Segment Open
(* Fix $\epsilon\in(0,\mu)$ and, for $s\in\{1,2,\dots\}$, let $$\kappa(V)=\inf\{k\ge1:\ V_{n+1}\le n(\mu-\epsilon)/s\ \text{for all } n\ge k\}.$$ If $EV_1^q<\infty$ for some $q>2$, then $E\kappa(V)=O(s^{q/(q-1)})$ as $s\to\infty$.
   Context: $(V_n)_{n\ge1}$ are i.i.d. nonnegative random variables (service times; their law does not depend on $s$), and $\mu>0$ is a fixed constant (the mean interarrival time of the base system). $\inf\emptyset=\infty$. *)

theory Defs
  imports "HOL-Probability.Probability"
begin

definition kappa :: "real \<Rightarrow> real \<Rightarrow> nat \<Rightarrow> (nat \<Rightarrow> 'a \<Rightarrow> real) \<Rightarrow> 'a \<Rightarrow> enat" where
  "kappa mu eps s V \<omega> =
     Inf {enat k | k. k \<ge> 1 \<and> (\<forall>n\<ge>k. V (Suc n) \<omega> \<le> real n * (mu - eps) / real s)}"

end

theory Submission
  imports Defs
begin

text \<open>
  If V (n + 1) > n (mu - eps) / s for some n \<ge> K, then kappa is at most one more than the
  largest such n, so kappa \<le> K + \<Sum>n\<ge>K. n \<cdot> 1{V (n + 1) > n (mu - eps) / s}. Markov's
  inequality of order q bounds the n-th expectation by (s / (mu - eps))^q E V^q n^(1 - q), whose
  tail sum from K is O(s^q K^(2 - q)); taking K \<approx> s^(q / (q - 1)) balances the two terms.
\<close>

lemma powr_shift_le_powr_diff:
  fixes x p :: real
  assumes "x > 0" "p > 1"
  shows "(x + 1) powr - p \<le> (x powr (1 - p) - (x + 1) powr (1 - p)) / (p - 1)"
proof -
  have "\<And>y. x \<le> y \<and> y \<le> x + 1 \<Longrightarrow>
      ((\<lambda>z. z powr (1 - p)) has_real_derivative (1 - p) * y powr - p) (at y)"
    using assms has_real_derivative_powr[of _ "1 - p"] by auto
  then obtain z where z: "x < z" "z < x + 1"
      and mvt: "(x + 1) powr (1 - p) - x powr (1 - p) = (x + 1 - x) * ((1 - p) * z powr - p)"
    using MVT2[of x "x + 1" "\<lambda>z. z powr (1 - p)" "\<lambda>y. (1 - p) * y powr - p"] by auto
  have "(x + 1) powr - p \<le> z powr - p"
    using z assms by (intro powr_mono2') auto
  also have "\<dots> = (x powr (1 - p) - (x + 1) powr (1 - p)) / (p - 1)"
    using mvt assms by (simp add: field_simps)
  finally show ?thesis .
qed

lemma sum_powr_tail_le:
  fixes p :: real
  assumes "p > 1" "m > 0"
  shows "(\<Sum>n = Suc m..<N. real n powr - p) \<le> real m powr (1 - p) / (p - 1)"
proof (cases "Suc m \<le> N")
  case True
  define F where "F i = real i powr (1 - p) / (p - 1)" for i
  have "(\<Sum>n = Suc m..<N. real n powr - p) = (\<Sum>i = m..<N - 1. (real i + 1) powr - p)"
    using True sum.shift_bounds_Suc_ivl[of "\<lambda>n. real n powr - p" m "N - 1"] by (simp add: add.commute)
  also have "\<dots> \<le> (\<Sum>i = m..<N - 1. F i - F (Suc i))"
  proof (intro sum_mono)
    fix i assume "i \<in> {m..<N - 1}"
    then show "(real i + 1) powr - p \<le> F i - F (Suc i)"
      using assms powr_shift_le_powr_diff[of "real i" p] by (simp add: F_def diff_divide_distrib ac_simps)
  qed
  also have "\<dots> = F m - F (N - 1)"
    using True sum_Suc_diff'[of m "N - 1" "\<lambda>i. - F i"] by simp
  also have "\<dots> \<le> F m"
    using assms by (simp add: F_def)
  finally show ?thesis unfolding F_def .
qed (use assms in simp)

lemma suminf_powr_tail_le:
  fixes p :: real
  assumes "p > 1" "m > 0"
  shows "(\<Sum>n. ennreal (if Suc m \<le> n then real n powr - p else 0))
           \<le> ennreal (real m powr (1 - p) / (p - 1))"
proof (rule suminf_le_const[OF summableI])
  fix N
  have "{n \<in> {..<N}. Suc m \<le> n} = {Suc m..<N}"
    by auto
  then have "(\<Sum>n<N. ennreal (if Suc m \<le> n then real n powr - p else 0))
               = ennreal (\<Sum>n = Suc m..<N. real n powr - p)"
    by (simp flip: sum.inter_filter)
  also have "\<dots> \<le> ennreal (real m powr (1 - p) / (p - 1))"
    using sum_powr_tail_le[OF assms] by (rule ennreal_leI)
  finally show "(\<Sum>n<N. ennreal (if Suc m \<le> n then real n powr - p else 0))
                  \<le> ennreal (real m powr (1 - p) / (p - 1))" .
qed
lemma partner_pairs_disjoint:
  assumes c: "c < m" and P: "inj_on fst P" "inj_on snd P"
    and t: "w \<in> pair_reps c" "(a, b) \<in> P" and t': "w' \<in> pair_reps c" "(a', b') \<in> P"
    and ne: "(w, a, b) \<noteq> (w', a', b')"
  shows "{(a, w), (b, partner c w)} \<inter> {(a', w'), (b', partner c w')} = {}"
proof (cases "w = w'")
  case True
  then have "(a, b) \<noteq> (a', b')" using ne by simp
  then have "a \<noteq> a'" "b \<noteq> b'"
    using inj_onD[OF P(1) _ t(2) t'(2)] inj_onD[OF P(2) _ t(2) t'(2)] by auto
  then show ?thesis using True pair_repsD(5)[OF c t(1)] by auto
next
  case False
  then show ?thesis using pair_reps_disjoint[OF c t(1) t'(1)] by auto
qed

lemma repair_index_disjoint:
  assumes c: "c < m" and P: "inj_on fst P" "inj_on snd P"
  shows "disjoint_family_on (repair_index c) ((pair_reps c \<times> P) <+> X)"
  unfolding disjoint_family_on_def
proof (intro ballI impI)
  fix p p' assume p: "p \<in> (pair_reps c \<times> P) <+> X" "p' \<in> (pair_reps c \<times> P) <+> X" "p \<noteq> p'"
  have off_c: "(x, c) \<notin> repair_index c (Inl t)" if "t \<in> pair_reps c \<times> P" for x t
    using that pair_repsD(2,4)[OF c] by (fastforce simp: repair_index_def)
  show "repair_index c p \<inter> repair_index c p' = {}"
  proof (cases p; cases p')
    fix t t' assume tt: "p = Inl t" "p' = Inl t'"
    obtain w a b w' a' b' where wab: "t = (w, a, b)" "t' = (w', a', b')" by (cases t, cases t')
    have "w \<in> pair_reps c" "(a, b) \<in> P" "w' \<in> pair_reps c" "(a', b') \<in> P"
      using p(1,2) tt wab by auto
    moreover have "(w, a, b) \<noteq> (w', a', b')" using p(3) tt wab by simp
    ultimately have "{(a, w), (b, partner c w)} \<inter> {(a', w'), (b', partner c w')} = {}"
      by (rule partner_pairs_disjoint[OF c P])
    then show ?thesis using tt wab by (simp add: repair_index_def)
  next
    fix t x' assume "p = Inl t" "p' = Inr x'"
    then show ?thesis using p(1) off_c[of t x'] by (auto simp: repair_index_def)
  next
    fix x t' assume "p = Inr x" "p' = Inl t'"
    then show ?thesis using p(2) off_c[of t' x] by (auto simp: repair_index_def)
  next
    fix x x' assume "p = Inr x" "p' = Inr x'"
    then show ?thesis using p(3) by (simp add: repair_index_def)
  qed
qed

lemma copy_systemD:
  assumes "copy_system \<nu> C" and "j < 3" and "w < m"
  shows "C j w \<noteq> {}" "C j w \<subseteq> {..<num_nodes k s}" "finite (C j w)" "card (C j w) \<le> 2^j"
    "sums_to (C j w) (\<nu> w)"
proof -
  show "C j w \<noteq> {}" "C j w \<subseteq> {..<num_nodes k s}" "card (C j w) \<le> 2^j" "sums_to (C j w) (\<nu> w)"
    using assms unfolding copy_system_def by blast+
  then show "finite (C j w)" using finite_subset by blast
qed

lemma copy_system_disjoint:
  assumes "copy_system \<nu> C" and "j < 3" "w < m" "j' < 3" "w' < m" and "(j, w) \<noteq> (j', w')"
  shows "C j w \<inter> C j' w' = {}"
proof -
  have "disjoint_family_on (\<lambda>(j, w). C j w) ({..<3} \<times> {..<m})"
    using assms(1) unfolding copy_system_def by blast
  from disjoint_family_onD[OF this, of "(j, w)" "(j', w')"] show ?thesis using assms(2-6) by simp
qed

lemma repair_index_bounds:
  assumes "c < m" and "P \<subseteq> {..<3} \<times> {..<3}" and "X \<subseteq> {1, 2}" and "p \<in> (pair_reps c \<times> P) <+> X"
  shows "repair_index c p \<subseteq> {..<3} \<times> {..<m}" and "(0, c) \<notin> repair_index c p"
  using assms pair_repsD[OF assms(1)] by (fastforce simp: repair_index_def)+

definition repair_set :: "(nat \<Rightarrow> nat \<Rightarrow> nat set) \<Rightarrow> nat \<Rightarrow> (nat \<times> nat \<times> nat) + nat \<Rightarrow> nat set" where
  "repair_set C c p = (\<Union>(j, w)\<in>repair_index c p. C j w)"

lemma repair_set_disjoint:
  assumes "copy_system \<nu> C" and "c < m"
    and "P \<subseteq> {..<3} \<times> {..<3}" and "inj_on fst P" and "inj_on snd P" and "X \<subseteq> {1, 2}"
  shows "disjoint_family_on (repair_set C c) ((pair_reps c \<times> P) <+> X)"
  unfolding repair_set_def
proof (rule disjoint_family_on_UN)
  show "disjoint_family_on (\<lambda>(j, w). C j w) ({..<3} \<times> {..<m})"
    using assms(1) unfolding copy_system_def by blast
qed (use assms repair_index_disjoint repair_index_bounds in auto)
(* For every integer $m\geq 2$ and every integer $n\geq 2$, the graph $mB_n$ (the disjoint union of $m$ copies of the book graph $B_n$) is $C_4$-supermagic.
   Context: All graphs are finite and simple. For a graph $H$, a graph $G=(V,E)$ has an $H$-covering if every edge of $G$ belongs to a subgraph of $G$ isomorphic to $H$. For such $G$, an $H$-magic labeling is a bijection $\lambda: V\cup E\to\{1,2,\dots,|V|+|E|\}$ for which there is a constant $c$ such that for every subgraph $H'=(V',E')$ of $G$ isomorphic to $H$, $\sum_{v\in V'}\lambda(v)+\sum_{e\in E'}\lambda(e)=c$. It is $H$-supermagic if moreover $\{\lambda(v):v\in V\}=\{1,\dots,|V|\}$; $G$ is $H$-supermagic if it admits such a labeling. $C_k$ is the cycle of length $k$. $mG$ denotes the disjoint union of $m$ copies of $G$. The book graph $B_n=K_{1,n}\times K_2$ has vertices $u_1,u_2,v_i,w_i$ ($1\le i\le n$) and edges $u_1u_2$, and $u_1w_i$, $u_2v_i$, $v_iw_i$ ($1\le i\le n$). *)

theory Defs
  imports Main
begin

definition simple_graph :: "'a set \<Rightarrow> 'a set set \<Rightarrow> bool" where
  "simple_graph V E \<longleftrightarrow> finite V \<and>
     (\<forall>e\<in>E. \<exists>u v. u \<noteq> v \<and> u \<in> V \<and> v \<in> V \<and> e = {u, v})"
Segment Closed
■ **Your goal**
Scan the entries above and show each line that contains the word "unfolding".

■ **Reply to the exercise**
  finally show ?thesis unfolding F_def .
  unfolding disjoint_family_on_def
    using assms unfolding copy_system_def by blast+
    using assms(1) unfolding copy_system_def by blast
  unfolding repair_set_def
    using assms(1) unfolding copy_system_def by blast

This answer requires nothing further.